[Stored data]
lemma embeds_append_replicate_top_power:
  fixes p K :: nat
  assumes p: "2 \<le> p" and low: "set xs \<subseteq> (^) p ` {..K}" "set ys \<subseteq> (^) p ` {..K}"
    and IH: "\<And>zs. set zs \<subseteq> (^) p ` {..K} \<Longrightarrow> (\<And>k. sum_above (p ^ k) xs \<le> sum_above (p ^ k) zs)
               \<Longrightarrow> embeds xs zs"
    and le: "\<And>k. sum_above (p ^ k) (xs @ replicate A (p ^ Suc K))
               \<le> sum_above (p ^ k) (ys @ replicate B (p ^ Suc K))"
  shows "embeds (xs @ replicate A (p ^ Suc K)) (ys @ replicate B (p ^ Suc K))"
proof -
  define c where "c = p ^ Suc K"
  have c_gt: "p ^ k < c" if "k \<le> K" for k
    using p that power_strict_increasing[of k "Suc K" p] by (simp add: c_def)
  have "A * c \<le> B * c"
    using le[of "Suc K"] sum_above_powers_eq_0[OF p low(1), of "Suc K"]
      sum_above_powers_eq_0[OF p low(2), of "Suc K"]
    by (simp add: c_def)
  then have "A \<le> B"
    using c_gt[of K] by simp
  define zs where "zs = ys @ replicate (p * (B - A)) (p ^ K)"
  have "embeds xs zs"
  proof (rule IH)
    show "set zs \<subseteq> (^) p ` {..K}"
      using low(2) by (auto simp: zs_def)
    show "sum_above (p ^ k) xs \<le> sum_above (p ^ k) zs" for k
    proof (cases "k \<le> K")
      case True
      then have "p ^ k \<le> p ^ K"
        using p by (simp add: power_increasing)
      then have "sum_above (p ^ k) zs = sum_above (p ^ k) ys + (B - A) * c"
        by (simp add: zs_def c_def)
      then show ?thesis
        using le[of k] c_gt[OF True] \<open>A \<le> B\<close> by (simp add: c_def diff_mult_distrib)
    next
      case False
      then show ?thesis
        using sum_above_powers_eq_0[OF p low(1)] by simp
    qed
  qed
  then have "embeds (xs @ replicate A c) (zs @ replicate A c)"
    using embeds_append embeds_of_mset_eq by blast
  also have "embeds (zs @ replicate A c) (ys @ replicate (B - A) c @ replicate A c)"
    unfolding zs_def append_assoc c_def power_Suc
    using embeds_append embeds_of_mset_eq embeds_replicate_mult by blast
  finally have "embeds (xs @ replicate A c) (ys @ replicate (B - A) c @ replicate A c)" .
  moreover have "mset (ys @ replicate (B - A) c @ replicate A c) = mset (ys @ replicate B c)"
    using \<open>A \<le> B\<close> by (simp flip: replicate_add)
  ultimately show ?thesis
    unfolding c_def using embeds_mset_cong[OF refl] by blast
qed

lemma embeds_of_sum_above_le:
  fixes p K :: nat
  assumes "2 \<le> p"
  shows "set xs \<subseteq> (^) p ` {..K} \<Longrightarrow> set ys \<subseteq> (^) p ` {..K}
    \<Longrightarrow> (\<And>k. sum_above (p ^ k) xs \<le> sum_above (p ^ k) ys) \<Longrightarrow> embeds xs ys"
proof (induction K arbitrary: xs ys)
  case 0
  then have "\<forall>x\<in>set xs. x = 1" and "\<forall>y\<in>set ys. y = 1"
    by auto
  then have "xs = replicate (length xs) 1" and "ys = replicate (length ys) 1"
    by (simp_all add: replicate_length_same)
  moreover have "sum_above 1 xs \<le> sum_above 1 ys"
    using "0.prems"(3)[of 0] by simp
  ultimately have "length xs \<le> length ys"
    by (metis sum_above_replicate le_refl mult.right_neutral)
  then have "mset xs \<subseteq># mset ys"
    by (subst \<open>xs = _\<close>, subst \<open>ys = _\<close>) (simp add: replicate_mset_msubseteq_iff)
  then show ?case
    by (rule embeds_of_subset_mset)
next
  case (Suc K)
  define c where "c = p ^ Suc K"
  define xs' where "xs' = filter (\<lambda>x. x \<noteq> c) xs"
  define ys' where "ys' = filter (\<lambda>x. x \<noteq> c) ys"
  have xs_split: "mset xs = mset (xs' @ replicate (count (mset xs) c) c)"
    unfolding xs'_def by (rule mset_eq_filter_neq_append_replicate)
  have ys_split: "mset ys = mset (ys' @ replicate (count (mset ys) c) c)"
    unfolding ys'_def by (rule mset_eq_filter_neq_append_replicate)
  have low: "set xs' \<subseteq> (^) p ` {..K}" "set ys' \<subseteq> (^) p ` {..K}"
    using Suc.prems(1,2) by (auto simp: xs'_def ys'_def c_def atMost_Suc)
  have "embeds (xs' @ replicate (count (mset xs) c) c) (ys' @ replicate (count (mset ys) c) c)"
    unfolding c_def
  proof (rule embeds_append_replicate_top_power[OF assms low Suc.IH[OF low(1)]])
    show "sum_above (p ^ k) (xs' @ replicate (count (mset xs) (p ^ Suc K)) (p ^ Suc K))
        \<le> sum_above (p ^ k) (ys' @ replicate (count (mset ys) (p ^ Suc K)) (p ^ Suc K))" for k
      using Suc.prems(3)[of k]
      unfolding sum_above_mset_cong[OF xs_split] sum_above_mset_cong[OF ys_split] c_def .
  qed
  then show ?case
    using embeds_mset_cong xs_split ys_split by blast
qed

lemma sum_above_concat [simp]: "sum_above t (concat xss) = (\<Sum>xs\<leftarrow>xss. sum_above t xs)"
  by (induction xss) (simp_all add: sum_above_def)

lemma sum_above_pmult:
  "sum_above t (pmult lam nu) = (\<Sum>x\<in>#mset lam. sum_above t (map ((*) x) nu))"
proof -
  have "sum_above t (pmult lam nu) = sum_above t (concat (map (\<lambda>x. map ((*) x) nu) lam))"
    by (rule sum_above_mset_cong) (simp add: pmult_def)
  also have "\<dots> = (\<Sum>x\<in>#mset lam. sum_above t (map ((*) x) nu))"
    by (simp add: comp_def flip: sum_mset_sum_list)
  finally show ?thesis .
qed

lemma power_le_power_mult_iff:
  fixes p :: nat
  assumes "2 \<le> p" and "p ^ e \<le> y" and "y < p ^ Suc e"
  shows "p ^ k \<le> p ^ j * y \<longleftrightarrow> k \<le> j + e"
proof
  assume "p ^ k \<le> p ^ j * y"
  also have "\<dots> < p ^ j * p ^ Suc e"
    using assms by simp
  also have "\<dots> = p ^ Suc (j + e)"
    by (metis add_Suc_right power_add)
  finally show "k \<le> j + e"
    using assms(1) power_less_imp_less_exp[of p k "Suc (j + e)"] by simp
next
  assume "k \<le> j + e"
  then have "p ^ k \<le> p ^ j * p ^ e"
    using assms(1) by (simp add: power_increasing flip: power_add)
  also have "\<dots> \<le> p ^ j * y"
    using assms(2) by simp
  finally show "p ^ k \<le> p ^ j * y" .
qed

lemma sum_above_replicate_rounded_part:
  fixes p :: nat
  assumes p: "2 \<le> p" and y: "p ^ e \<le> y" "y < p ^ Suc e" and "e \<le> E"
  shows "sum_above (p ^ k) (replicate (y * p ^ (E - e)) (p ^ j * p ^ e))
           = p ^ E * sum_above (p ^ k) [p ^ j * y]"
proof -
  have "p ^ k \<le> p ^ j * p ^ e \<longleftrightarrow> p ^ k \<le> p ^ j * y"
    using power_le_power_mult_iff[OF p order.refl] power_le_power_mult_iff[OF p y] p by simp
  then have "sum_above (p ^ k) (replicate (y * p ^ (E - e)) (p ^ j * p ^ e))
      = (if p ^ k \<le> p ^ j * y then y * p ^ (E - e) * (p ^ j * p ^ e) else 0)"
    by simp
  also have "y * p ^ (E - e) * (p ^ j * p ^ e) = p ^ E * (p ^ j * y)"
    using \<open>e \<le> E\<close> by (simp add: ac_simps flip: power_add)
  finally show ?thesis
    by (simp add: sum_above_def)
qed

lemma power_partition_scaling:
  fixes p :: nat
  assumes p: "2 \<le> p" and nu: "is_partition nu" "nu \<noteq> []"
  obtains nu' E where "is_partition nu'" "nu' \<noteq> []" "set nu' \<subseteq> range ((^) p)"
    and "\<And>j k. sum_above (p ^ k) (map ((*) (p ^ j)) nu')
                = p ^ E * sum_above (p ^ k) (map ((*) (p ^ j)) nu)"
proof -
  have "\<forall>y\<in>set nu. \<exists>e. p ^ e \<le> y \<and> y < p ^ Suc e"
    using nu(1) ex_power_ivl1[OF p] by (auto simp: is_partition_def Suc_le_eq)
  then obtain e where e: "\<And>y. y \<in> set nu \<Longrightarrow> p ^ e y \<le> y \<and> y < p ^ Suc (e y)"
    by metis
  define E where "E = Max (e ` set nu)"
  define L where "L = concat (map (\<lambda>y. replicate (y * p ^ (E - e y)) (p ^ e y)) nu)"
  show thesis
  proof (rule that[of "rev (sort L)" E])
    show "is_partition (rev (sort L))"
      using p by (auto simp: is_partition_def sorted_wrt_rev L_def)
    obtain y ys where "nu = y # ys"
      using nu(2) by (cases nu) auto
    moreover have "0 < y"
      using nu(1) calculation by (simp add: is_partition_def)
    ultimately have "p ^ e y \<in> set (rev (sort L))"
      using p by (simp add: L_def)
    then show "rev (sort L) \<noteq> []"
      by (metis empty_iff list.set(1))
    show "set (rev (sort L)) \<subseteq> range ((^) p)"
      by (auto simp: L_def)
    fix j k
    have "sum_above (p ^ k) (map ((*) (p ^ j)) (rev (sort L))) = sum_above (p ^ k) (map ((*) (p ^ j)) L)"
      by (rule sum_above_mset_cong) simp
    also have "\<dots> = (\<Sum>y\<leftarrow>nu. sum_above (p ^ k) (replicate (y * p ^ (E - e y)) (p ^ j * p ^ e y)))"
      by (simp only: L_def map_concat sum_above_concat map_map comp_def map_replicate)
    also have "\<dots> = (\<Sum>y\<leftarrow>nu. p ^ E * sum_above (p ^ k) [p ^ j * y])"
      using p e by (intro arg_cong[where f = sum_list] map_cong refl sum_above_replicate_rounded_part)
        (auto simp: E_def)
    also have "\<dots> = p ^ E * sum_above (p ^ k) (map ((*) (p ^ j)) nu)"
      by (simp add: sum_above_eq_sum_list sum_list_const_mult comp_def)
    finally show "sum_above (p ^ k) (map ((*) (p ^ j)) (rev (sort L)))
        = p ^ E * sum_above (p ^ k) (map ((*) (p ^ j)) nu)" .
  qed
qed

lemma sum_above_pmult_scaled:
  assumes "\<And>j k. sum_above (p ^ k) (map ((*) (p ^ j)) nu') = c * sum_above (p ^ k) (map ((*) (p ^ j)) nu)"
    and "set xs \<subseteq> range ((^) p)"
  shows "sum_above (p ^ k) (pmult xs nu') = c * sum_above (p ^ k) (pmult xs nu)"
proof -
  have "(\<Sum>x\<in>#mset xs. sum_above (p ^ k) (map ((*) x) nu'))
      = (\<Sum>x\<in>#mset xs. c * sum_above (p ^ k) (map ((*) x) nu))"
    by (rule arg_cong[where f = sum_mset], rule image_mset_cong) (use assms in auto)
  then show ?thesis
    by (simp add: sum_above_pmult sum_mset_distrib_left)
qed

...

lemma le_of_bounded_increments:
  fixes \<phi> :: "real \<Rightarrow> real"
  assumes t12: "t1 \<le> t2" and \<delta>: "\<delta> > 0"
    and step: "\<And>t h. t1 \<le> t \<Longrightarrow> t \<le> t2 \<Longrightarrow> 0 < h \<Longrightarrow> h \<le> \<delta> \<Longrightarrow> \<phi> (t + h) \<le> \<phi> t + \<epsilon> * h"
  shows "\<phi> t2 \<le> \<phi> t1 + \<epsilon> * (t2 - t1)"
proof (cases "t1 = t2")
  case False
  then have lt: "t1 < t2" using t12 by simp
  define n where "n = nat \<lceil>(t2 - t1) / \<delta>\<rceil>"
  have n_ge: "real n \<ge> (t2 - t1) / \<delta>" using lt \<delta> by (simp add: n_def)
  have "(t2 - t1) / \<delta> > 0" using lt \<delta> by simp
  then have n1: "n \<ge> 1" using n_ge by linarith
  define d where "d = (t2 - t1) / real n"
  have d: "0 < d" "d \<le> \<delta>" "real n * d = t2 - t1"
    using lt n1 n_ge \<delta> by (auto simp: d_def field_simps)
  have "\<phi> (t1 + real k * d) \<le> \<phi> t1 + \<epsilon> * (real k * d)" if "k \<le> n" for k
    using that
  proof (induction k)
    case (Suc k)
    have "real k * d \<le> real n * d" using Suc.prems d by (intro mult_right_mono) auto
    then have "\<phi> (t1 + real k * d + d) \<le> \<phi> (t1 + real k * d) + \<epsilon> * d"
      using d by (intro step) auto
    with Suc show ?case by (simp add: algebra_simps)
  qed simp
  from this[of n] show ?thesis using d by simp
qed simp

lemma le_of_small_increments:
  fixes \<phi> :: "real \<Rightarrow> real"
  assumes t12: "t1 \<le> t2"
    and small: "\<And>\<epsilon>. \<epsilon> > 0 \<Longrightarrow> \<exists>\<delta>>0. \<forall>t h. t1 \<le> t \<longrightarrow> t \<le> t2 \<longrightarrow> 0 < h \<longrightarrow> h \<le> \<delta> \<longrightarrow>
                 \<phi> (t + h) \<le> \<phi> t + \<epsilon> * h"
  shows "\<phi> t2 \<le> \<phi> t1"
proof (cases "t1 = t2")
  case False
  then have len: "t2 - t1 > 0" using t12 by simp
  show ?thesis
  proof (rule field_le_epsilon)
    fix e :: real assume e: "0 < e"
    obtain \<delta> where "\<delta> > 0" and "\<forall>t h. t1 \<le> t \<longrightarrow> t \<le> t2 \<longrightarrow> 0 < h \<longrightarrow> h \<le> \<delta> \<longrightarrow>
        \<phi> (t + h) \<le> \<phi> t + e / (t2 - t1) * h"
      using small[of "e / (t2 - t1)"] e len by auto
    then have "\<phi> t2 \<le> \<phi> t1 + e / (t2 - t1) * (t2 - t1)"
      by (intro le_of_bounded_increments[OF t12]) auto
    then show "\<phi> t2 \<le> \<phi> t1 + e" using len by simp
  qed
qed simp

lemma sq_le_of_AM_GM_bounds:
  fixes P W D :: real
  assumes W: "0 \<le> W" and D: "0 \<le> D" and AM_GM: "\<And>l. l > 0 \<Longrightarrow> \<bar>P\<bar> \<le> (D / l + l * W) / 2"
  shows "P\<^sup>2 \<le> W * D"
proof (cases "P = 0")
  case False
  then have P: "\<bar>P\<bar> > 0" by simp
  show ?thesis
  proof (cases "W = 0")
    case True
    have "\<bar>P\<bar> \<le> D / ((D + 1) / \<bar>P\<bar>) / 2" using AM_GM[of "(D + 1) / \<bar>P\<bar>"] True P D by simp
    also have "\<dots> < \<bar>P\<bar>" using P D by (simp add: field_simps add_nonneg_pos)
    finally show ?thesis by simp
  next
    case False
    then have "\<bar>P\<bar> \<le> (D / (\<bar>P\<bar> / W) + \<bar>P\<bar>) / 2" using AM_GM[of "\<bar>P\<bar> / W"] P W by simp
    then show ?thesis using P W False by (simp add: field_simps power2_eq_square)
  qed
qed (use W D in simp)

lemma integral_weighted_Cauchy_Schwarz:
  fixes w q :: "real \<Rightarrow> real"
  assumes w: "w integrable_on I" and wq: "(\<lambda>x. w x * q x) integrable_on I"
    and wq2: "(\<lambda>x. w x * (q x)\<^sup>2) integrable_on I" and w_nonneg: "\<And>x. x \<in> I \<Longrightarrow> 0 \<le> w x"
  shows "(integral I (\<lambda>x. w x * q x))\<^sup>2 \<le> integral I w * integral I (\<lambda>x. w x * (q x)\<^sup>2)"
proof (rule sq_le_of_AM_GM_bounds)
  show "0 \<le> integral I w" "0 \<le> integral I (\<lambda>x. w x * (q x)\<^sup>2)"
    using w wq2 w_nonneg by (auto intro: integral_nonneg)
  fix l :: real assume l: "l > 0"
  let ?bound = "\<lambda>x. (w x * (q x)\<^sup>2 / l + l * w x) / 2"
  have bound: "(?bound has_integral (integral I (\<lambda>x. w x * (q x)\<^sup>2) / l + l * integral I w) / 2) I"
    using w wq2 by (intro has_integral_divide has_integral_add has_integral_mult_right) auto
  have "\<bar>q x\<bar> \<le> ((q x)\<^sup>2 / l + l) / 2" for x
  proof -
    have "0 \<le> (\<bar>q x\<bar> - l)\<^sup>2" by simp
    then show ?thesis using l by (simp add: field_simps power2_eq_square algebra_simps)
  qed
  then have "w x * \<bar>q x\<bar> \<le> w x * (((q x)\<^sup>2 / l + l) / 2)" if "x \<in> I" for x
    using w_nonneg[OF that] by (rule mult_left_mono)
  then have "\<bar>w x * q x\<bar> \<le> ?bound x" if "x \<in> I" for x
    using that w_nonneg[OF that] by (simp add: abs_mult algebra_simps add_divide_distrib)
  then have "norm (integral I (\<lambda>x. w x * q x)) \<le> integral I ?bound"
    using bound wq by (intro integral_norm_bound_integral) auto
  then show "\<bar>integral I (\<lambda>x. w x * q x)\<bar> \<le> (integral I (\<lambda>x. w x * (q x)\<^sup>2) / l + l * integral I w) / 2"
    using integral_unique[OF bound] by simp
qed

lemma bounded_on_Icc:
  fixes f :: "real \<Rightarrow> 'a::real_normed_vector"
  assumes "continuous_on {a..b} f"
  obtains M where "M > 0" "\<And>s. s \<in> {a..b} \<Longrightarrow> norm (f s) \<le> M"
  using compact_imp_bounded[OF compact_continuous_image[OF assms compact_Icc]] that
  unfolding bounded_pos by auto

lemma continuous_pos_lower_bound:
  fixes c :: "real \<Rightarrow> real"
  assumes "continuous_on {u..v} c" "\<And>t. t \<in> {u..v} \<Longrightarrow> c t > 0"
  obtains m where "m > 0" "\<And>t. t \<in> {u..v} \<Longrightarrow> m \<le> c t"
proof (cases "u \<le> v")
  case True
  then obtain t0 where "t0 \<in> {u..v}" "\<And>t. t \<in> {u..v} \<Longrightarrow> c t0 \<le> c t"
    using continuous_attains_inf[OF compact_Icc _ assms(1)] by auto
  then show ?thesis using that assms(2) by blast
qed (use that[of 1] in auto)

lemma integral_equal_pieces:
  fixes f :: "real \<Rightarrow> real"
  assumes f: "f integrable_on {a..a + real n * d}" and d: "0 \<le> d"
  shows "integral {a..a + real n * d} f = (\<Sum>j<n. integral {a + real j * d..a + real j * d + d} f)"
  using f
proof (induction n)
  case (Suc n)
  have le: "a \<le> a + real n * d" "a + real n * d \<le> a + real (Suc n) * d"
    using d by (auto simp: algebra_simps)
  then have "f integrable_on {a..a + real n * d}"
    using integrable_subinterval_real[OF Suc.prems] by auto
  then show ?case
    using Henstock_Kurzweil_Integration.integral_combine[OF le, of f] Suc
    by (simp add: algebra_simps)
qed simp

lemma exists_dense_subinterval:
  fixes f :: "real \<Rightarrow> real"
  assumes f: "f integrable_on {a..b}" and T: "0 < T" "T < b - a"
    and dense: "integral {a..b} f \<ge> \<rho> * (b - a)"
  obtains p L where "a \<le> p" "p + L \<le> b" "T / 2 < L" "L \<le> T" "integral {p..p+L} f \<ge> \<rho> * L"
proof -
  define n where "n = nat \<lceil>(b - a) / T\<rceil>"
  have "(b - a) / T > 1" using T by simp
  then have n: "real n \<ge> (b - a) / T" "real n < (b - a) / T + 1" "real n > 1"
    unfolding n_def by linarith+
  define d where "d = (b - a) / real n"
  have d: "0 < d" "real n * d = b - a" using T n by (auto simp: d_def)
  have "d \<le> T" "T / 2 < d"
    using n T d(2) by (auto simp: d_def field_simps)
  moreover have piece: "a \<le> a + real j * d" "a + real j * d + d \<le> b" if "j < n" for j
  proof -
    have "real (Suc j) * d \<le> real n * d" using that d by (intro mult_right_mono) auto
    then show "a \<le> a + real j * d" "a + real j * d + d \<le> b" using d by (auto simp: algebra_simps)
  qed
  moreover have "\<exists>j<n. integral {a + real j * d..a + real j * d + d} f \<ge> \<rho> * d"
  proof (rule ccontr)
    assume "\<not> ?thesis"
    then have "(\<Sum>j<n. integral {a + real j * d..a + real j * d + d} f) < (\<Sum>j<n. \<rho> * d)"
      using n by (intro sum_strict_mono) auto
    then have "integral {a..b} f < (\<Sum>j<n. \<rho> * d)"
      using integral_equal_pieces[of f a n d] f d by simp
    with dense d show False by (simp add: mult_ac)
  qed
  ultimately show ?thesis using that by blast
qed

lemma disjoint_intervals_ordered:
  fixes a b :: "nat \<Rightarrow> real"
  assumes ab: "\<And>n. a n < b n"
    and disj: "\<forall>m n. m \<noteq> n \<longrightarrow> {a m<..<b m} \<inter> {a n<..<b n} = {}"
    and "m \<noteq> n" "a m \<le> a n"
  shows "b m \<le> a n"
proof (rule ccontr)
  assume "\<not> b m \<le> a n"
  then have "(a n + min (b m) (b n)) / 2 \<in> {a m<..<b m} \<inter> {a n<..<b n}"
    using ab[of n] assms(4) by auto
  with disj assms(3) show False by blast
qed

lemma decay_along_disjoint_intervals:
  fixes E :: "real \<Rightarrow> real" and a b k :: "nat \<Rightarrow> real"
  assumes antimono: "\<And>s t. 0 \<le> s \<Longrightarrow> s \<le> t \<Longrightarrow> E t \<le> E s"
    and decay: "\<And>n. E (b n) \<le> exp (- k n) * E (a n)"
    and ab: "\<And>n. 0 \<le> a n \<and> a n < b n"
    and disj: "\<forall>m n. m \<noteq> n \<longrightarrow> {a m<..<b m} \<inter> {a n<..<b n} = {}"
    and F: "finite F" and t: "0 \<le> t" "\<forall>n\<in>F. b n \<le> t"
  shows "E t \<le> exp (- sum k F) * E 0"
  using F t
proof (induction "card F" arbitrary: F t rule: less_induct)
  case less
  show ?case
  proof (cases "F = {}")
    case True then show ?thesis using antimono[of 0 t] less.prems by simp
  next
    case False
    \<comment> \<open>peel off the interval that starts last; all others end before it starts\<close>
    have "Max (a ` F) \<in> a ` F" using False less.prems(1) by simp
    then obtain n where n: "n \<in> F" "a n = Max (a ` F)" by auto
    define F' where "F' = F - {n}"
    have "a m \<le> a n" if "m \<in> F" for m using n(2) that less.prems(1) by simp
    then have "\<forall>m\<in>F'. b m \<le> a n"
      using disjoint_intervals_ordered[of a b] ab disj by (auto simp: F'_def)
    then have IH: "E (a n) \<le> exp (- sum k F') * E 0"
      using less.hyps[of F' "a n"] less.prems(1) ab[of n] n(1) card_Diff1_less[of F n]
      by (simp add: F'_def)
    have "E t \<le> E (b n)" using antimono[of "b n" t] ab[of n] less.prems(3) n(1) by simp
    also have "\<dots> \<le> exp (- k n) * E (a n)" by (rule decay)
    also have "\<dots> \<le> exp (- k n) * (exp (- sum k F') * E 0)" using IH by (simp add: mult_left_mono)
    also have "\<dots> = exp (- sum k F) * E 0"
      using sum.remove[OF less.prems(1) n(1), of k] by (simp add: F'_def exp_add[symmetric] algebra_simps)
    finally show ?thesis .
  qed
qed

_Exercise details_
All lines of the entries containing the string "open" must be shown in full.

_Task answer_
        using le[of k] c_gt[OF True] \<open>A \<le> B\<close> by (simp add: c_def diff_mult_distrib)
    using \<open>A \<le> B\<close> by (simp flip: replicate_add)
    by (subst \<open>xs = _\<close>, subst \<open>ys = _\<close>) (simp add: replicate_mset_msubseteq_iff)
    using \<open>e \<le> E\<close> by (simp add: ac_simps flip: power_add)
    \<comment> \<open>peel off the interval that starts last; all others end before it starts\<close>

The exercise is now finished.